Should You Contribute Pre-tax or Roth?

That’s one of the most common questions we get. For example, I recently received the following email: (My response follows.)

I am a 26 year old in my fourth year as a police officer. I’ve been contributing to my employers 401a and deferred comp programs for about 3 years. My contributions have been Roth and after reading your article, I’m wondering if that’s the best option for me. I have a part time job at the local mall that matches 5% of pre tax contribution and I max out there as well. I don’t plan on using the money until retirement, so should I switch my main employer to pre tax as well? This year I’ll make around 60-70k, but next year I’ll probably make around 80k. My goal is to save near a million dollars for retirement and I’m not quite sure how to figure my retirement income. Can you guide me in the right direction?

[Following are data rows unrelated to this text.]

lemma bdd_above_norms_of_bdd_above_W:
  assumes norms: "\<forall>i. is_norm_on (Rn (n i)) (N i)"
    and A: "\<forall>i. A i \<subseteq> Rn (n i)" "\<forall>i. A i \<noteq> {}" "\<forall>i. \<forall>a\<in>A i. N i a \<le> C"
    and lower: "\<forall>i. \<forall>z\<in>Rn (n i). wl i (setdist_N (N i) (A i) z) \<le> W i z"
    and wL: "classKinf wL" "\<forall>i. \<forall>s\<ge>0. wL s \<le> wl i s"
    and y: "\<forall>i. y i \<in> Rn (n i)" "bdd_above (range (\<lambda>i. W i (y i)))"
  shows "bdd_above (range (\<lambda>i. N i (y i)))"
proof -
  obtain K where K: "\<And>i. W i (y i) \<le> K"
    using y(2) by (auto simp: bdd_above_def)
  obtain D where D: "\<And>s. wL s \<le> K \<Longrightarrow> s \<le> D"
    using classKinf_sublevel_bounded[OF wL(1)] by blast
  have "N i (y i) \<le> D + C" for i
  proof -
    let ?d = "setdist_N (N i) (A i) (y i)"
    have "0 \<le> ?d"
      using setdist_N_nonneg[OF norms[rule_format] A(1)[rule_format] A(2)[rule_format]] y(1) by simp
    then have "wL ?d \<le> wl i ?d"
      using wL(2) by simp
    also have "\<dots> \<le> W i (y i)"
      using lower y(1) by simp
    also have "\<dots> \<le> K"
      by (rule K)
    finally have "?d \<le> D"
      by (rule D)
    moreover have "N i (y i) \<le> ?d + C"
      using norm_le_setdist_N_add[OF norms[rule_format] A(1)[rule_format] A(2)[rule_format]] A(3) y(1)
      by simp
    ultimately show ?thesis by linarith
  qed
  then show ?thesis
    by (rule bdd_aboveI2)
qed

theorem theorem1:
  fixes n p :: "nat \<Rightarrow> nat"
    and N Nu :: "nat \<Rightarrow> vec \<Rightarrow> real"
    and I :: "nat \<Rightarrow> nat set"
    and f :: "nat \<Rightarrow> vec \<Rightarrow> state \<Rightarrow> vec \<Rightarrow> vec"
    and M :: nat
    and A :: "nat \<Rightarrow> vec set"
    and W :: "nat \<Rightarrow> vec \<Rightarrow> real"
    and wl wu :: "nat \<Rightarrow> real \<Rightarrow> real"
    and \<gamma> :: "nat \<Rightarrow> nat \<Rightarrow> real \<Rightarrow> real"
    and \<gamma>u :: "nat \<Rightarrow> real \<Rightarrow> real"
  assumes n_pos: "\<forall>i. n i > 0" and p_pos: "\<forall>i. p i > 0"
    and norms: "\<forall>i. is_norm_on (Rn (n i)) (N i)" and unorms: "\<forall>i. is_norm_on (Rn (p i)) (Nu i)"
    and I_fin: "\<forall>i. finite (I i)" and I_irr: "\<forall>i. i \<notin> I i"
    and I_inv_fin: "\<forall>i. finite {j. i \<in> I j}"
    and f_cont: "\<forall>i. continuous_on (fdom n p I i) (\<lambda>(a, b, c). f i a b c)"
    and f_range: "\<forall>i. \<forall>(a, b, c)\<in>fdom n p I i. f i a b c \<in> Rn (n i)"
    and M_pos: "M \<ge> 1"
    and A_sub: "\<forall>i. A i \<subseteq> Rn (n i)" and A_ne: "\<forall>i. A i \<noteq> {}" and A_closed: "\<forall>i. closed (A i)"
    and A_bdd: "\<exists>C>0. \<forall>i. \<forall>z\<in>A i. N i z \<le> C"
    and W_cont: "\<forall>i. continuous_on (Rn (n i)) (W i)"
    and W_nonneg: "\<forall>i. \<forall>z\<in>Rn (n i). W i z \<ge> 0"
    and wl_K: "\<forall>i. classKinf (wl i)" and wu_K: "\<forall>i. classKinf (wu i)"
    and \<gamma>_K: "\<forall>i j. classKinf (\<gamma> i j) \<or> (\<forall>s\<ge>0. \<gamma> i j s = 0)"
    and \<gamma>u_K: "\<forall>i. classK (\<gamma>u i)"
    and sandwich: "\<forall>i. \<forall>\<xi>i\<in>Rn (n i).
          wl i (setdist_N (N i) (A i) \<xi>i) \<le> W i \<xi>i \<and> W i \<xi>i \<le> wu i (setdist_N (N i) (A i) \<xi>i)"
    and decay: "\<forall>i. \<forall>\<xi> u. inX n N \<xi> \<longrightarrow> inUU p Nu u \<longrightarrow>
          ereal (W i (traj f I \<xi> u M i))
            \<le> max (SUP j. ereal (\<gamma> i j (W j (\<xi> j)))) (ereal (\<gamma>u i (unorm Nu u)))"
    and unif_w: "\<exists>wL wU. classKinf wL \<and> classKinf wU \<and>
          (\<forall>i. \<forall>s\<ge>0. wL s \<le> wl i s \<and> wl i s \<le> wu i s \<and> wu i s \<le> wU s)"
    and unif_\<gamma>: "\<exists>\<alpha>. classKinf \<alpha> \<and> (\<forall>s>0. \<alpha> s < s) \<and> (\<forall>i j. \<forall>s\<ge>0. \<gamma> i j s \<le> \<alpha> s)"
    and unif_\<gamma>u: "\<exists>g. classK g \<and> (\<forall>i. \<forall>s\<ge>0. \<gamma>u i s \<le> g s)"
  shows "\<forall>x us. inX n N x \<longrightarrow> (\<forall>k<M. inX p Nu (us k)) \<longrightarrow> inX n N (traj f I x us M)"
proof (intro allI impI)
  fix x us
  assume x: "inX n N x" and us: "\<forall>k<M. inX p Nu (us k)"
  define u where "u = (\<lambda>k. if k < M then us k else (\<lambda>_ _. 0))"
  define y where "y = traj f I x u M"
  have u: "inUU p Nu u"
    unfolding u_def using inUU_pad_zero[OF unorms us] .
  have traj_eq: "traj f I x us M = y"
    unfolding y_def by (rule traj_cong) (simp add: u_def)
  have y_Rn: "\<forall>i. y i \<in> Rn (n i)"
    using traj_in_Rn[OF f_range] x u unfolding y_def by (simp add: inX_def inUU_def)
  obtain C where C: "\<forall>i. \<forall>a\<in>A i. N i a \<le> C"
    using A_bdd by blast
  obtain wL wU where wL: "classKinf wL" and "classKinf wU"
    and w_bounds: "\<forall>i. \<forall>s\<ge>0. wL s \<le> wl i s \<and> wl i s \<le> wu i s \<and> wu i s \<le> wU s"
    using unif_w by blast
  then have wU: "classK wU"
    by (simp add: classKinf_def)
  have wl_ge: "\<forall>i. \<forall>s\<ge>0. wL s \<le> wl i s" and wu_le: "\<forall>i. \<forall>s\<ge>0. wu i s \<le> wU s"
    using w_bounds by blast+
  have lower: "\<forall>i. \<forall>z\<in>Rn (n i). wl i (setdist_N (N i) (A i) z) \<le> W i z"
    and upper: "\<forall>i. \<forall>z\<in>Rn (n i). W i z \<le> wu i (setdist_N (N i) (A i) z)"
    using sandwich by blast+
  obtain \<alpha> where \<alpha>: "classKinf \<alpha>" "\<forall>s>0. \<alpha> s < s" "\<forall>i j. \<forall>s\<ge>0. \<gamma> i j s \<le> \<alpha> s"
    using unif_\<gamma> by blast
  then have \<alpha>_0: "\<alpha> 0 = 0"
    by (simp add: classKinf_def classK_def)
  obtain g where "\<forall>i. \<forall>s\<ge>0. \<gamma>u i s \<le> g s"
    using unif_\<gamma>u by blast
  then have \<gamma>u_le: "\<gamma>u i (unorm Nu u) \<le> g (unorm Nu u)" for i
    using unorm_nonneg[OF unorms u] by blast
  obtain K where "\<And>j. W j (x j) \<le> K"
    using bdd_above_W_of_inX[OF norms A_sub A_ne C upper wU wu_le x] by (auto simp: bdd_above_def)
  then have W_x: "\<forall>j. 0 \<le> W j (x j) \<and> W j (x j) \<le> K"
    using W_nonneg x by (simp add: inX_def)
  have "W i (y i) \<le> max K (g (unorm Nu u))" for i
  proof -
    have "\<forall>j. \<forall>s\<ge>0. \<gamma> i j s \<le> \<alpha> s"
      using \<alpha>(3) by blast
    then show ?thesis
      unfolding y_def
      by (rule le_max_of_ereal_le_max_SUP_gains[where \<gamma> = "\<gamma> i" and w = "\<lambda>j. W j (x j)",
            OF decay[rule_format, OF x u, of i] W_x _ \<alpha>(2) \<alpha>_0 \<gamma>u_le[of i]])
  qed
  then have "bdd_above (range (\<lambda>i. W i (y i)))"
    by (rule bdd_aboveI2)
  then have "bdd_above (range (\<lambda>i. N i (y i)))"
    by (rule bdd_above_norms_of_bdd_above_W[OF norms A_sub A_ne C lower wL wl_ge y_Rn])
  then show "inX n N (traj f I x us M)"
    using y_Rn unfolding traj_eq by (simp add: inX_def)
qed
(* Let $A$ be a $*$-algebra with $*$-differential calculus $(\Omega,{\rm d},\wedge)$, let $\mathcal{S}$ be an $A$-bimodule, and let $\epsilon,\epsilon'\in\{1,-1\}$. Let $\mathcal{J}:\mathcal{S}\to\mathcal{S}$ be an antilinear map such that $\mathcal{J}(a.\phi)=\mathcal{J}(\phi).a^*$ and $\mathcal{J}(\phi.a)=a^*.\mathcal{J}(\phi)$ for all $a\in A,\phi\in\mathcal S$ (equivalently $j:\mathcal S\to\overline{\mathcal S}$, $j(\phi)=\overline{\mathcal J\phi}$, is a bimodule map) and $\mathcal{J}^2=\epsilon\,\mathrm{id}$. Let $(\nabla_{\mathcal{S}},\sigma_{\mathcal{S}})$ be a left bimodule connection on $\mathcal{S}$ with $\sigma_{\mathcal{S}}$ invertible, such that $(\mathrm{id}\otimes j)\nabla_{\mathcal{S}}=\nabla_{\overline{\mathcal{S}}}\circ j$, where $\nabla_{\overline{\mathcal S}}$ is the canonical left connection on $\overline{\mathcal S}$. Let $\triangleright:\Omega^1\otimes_A\mathcal{S}\to\mathcal{S}$ be an $A$-bimodule map such that $$\mathcal{J}(\xi\triangleright\phi)=\epsilon'\,\triangleright\big(\sigma_{\mathcal{S}}(\mathcal{J}\phi\otimes\xi^* )\big)\quad\text{for all }\xi\in\Omega^1,\ \phi\in\mathcal{S}$$ (in bimodule language $j\circ\triangleright=\epsilon'\,\overline{\triangleright\circ\sigma_{\mathcal S}}\,\Upsilon^{-1}(\star\otimes j)$). Put $D=\triangleright\circ\nabla_{\mathcal{S}}:\mathcal{S}\to\mathcal{S}$. Then: (a) $\mathcal J^2=\epsilon$; $a.(\mathcal{J}b\mathcal{J}^{-1}\phi)=\mathcal{J}b\mathcal{J}^{-1}(a.\phi)$ for all $a,b\in A$; $\mathcal{J}D=\epsilon' D\mathcal{J}$; and $[[D,a],\mathcal{J}b\mathcal{J}^{-1}]=0$ for all $a,b\in A$ (the algebraic conditions of an odd real spectral triple). (b) If moreover there is an $A$-bimodule map $\gamma:\mathcal{S}\to\mathcal{S}$ with $\gamma^2=\mathrm{id}$, $\nabla_{\mathcal{S}}\gamma=(\mathrm{id}\otimes\gamma)\nabla_{\mathcal{S}}$, $\gamma\circ\triangleright=-\triangleright\circ(\mathrm{id}\otimes\gamma)$ and $\mathcal{J}\gamma=\epsilon''\gamma\mathcal{J}$ for a sign $\epsilon''$, then in addition $\gamma$ commutes with the left action of $A$, $\mathcal J\gamma=\epsilon''\gamma\mathcal J$ and $D\gamma=-\gamma D$ (the algebraic conditions of an even real spectral triple).
   Context: Elements of $A$ act on $\mathcal S$ by left multiplication and are identified with these operators; $[D,a]$ is the commutator. Left bimodule connection: a linear $\nabla_{\mathcal S}:\mathcal S\to\Omega^1\otimes_A\mathcal S$ with $\nabla_{\mathcal S}(a.\phi)={\rm d}a\otimes\phi+a.\nabla_{\mathcal S}\phi$, together with a bimodule map $\sigma_{\mathcal S}:\mathcal S\otimes_A\Omega^1\to\Omega^1\otimes_A\mathcal S$ with $\sigma_{\mathcal S}(\phi\otimes{\rm d}a)=\nabla_{\mathcal S}(\phi.a)-\nabla_{\mathcal S}(\phi).a$. Conjugate bimodule: for an $A$-bimodule $E$, $\overline E$ is the set $\{\overline e: e\in E\}$ with $\overline e+\overline f=\overline{e+f}$, $\lambda\overline e=\overline{\lambda^* e}$ ($\lambda\in\mathbb C$), $a.\overline e=\overline{e.a^*}$, $\overline e.a=\overline{a^*.e}$. For a bimodule map $\theta$, $\overline\theta(\overline e)=\overline{\theta(e)}$. $\Upsilon:\overline{E\otimes_AF}\to\overline F\otimes_A\overline E$, $\Upsilon(\overline{e\otimes f})=\overline f\otimes\overline e$. $\star:\Omega\to\overline\Omega$, $\star\xi=\overline{\xi^*}$. The canonical left connection on $\overline{\mathcal S}$ is $\nabla_{\overline{\mathcal S}}(\overline\phi)=(\star^{-1}\otimes\mathrm{id})\Upsilon\,\overline{\sigma_{\mathcal S}^{-1}\nabla_{\mathcal S}\phi}$. *)

theory Defs
  imports Complex_Main "HOL-Library.Poly_Mapping"
begin

definition star_algebra :: "(complex \<Rightarrow> 'a::ring_1) \<Rightarrow> ('a \<Rightarrow> 'a) \<Rightarrow> bool" where
  "star_algebra emb st \<longleftrightarrow>
     (\<forall>c e. emb (c + e) = emb c + emb e) \<and> (\<forall>c e. emb (c * e) = emb c * emb e) \<and> emb 1 = 1 \<and>
     (\<forall>c x. emb c * x = x * emb c) \<and>
     (\<forall>x y. st (x + y) = st x + st y) \<and> (\<forall>x y. st (x * y) = st y * st x) \<and>
     (\<forall>c x. st (emb c * x) = emb (cnj c) * st x) \<and> (\<forall>x. st (st x) = x)"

First of all, great job on contributing to all those retirement accounts at such a young age! The earlier you can save for retirement, the longer that money will be working for you. This will definitely put you in a much better position for retirement.

The basic decision is whether you’d rather pay taxes on your savings now (Roth) or when you take them out of your retirement account (pre-tax). Assuming you’re single, you would currently be in the 25% tax bracket so every dollar you put in those retirement accounts pre-tax is avoiding a 25% tax rate. If you retire with a million dollars, you could safely withdraw about 4% or $40k a year. In addition to the $28k of Social Security benefits you’re projected to receive at your normal retirement age of 67, your $68k of total retirement income would put you in the same 25% tax bracket at retirement.

Not all your retirement income would be taxed at 25% though. Based on your total retirement income, only 85% or about $24k of your Social Security benefits would be taxable. At least about $10k of your income wouldn’t be taxed because of the personal exemption and standard deduction so your taxable income would be no more than about $54k. Using today’s tax rates (which are adjusted for inflation), the first $9,275 of taxable income would be taxed at 10%, the next $28,374 would be taxed at 15%, and only the last $16,351 would be taxed at that 25% rate. As a result, your average or effective tax rate in retirement would actually be about 17%.

Of course, this assumes that you don’t have a lot of deductions like mortgage interest that would go away by the time you retire. It also assumes that the tax code stays the same. If your effective tax rate ends up being higher in retirement, you would be better off with a Roth account.

Confused? One simple solution would be to diversify by contributing pre-tax to your employer’s retirement accounts as well as to a Roth IRA. That’s because the Roth IRA has the additional benefit of the contributions being available anytime without tax or penalty. It may also be helpful to have some tax-free money in retirement to qualify for higher health insurance subsidies if you decide to retire before you’re eligible for Medicare at age 65.

Don’t overthink it though. Whichever option (or combination of options) you choose, the most important thing is that you’re contributing for retirement. The less optimal option is still much better than not saving at all.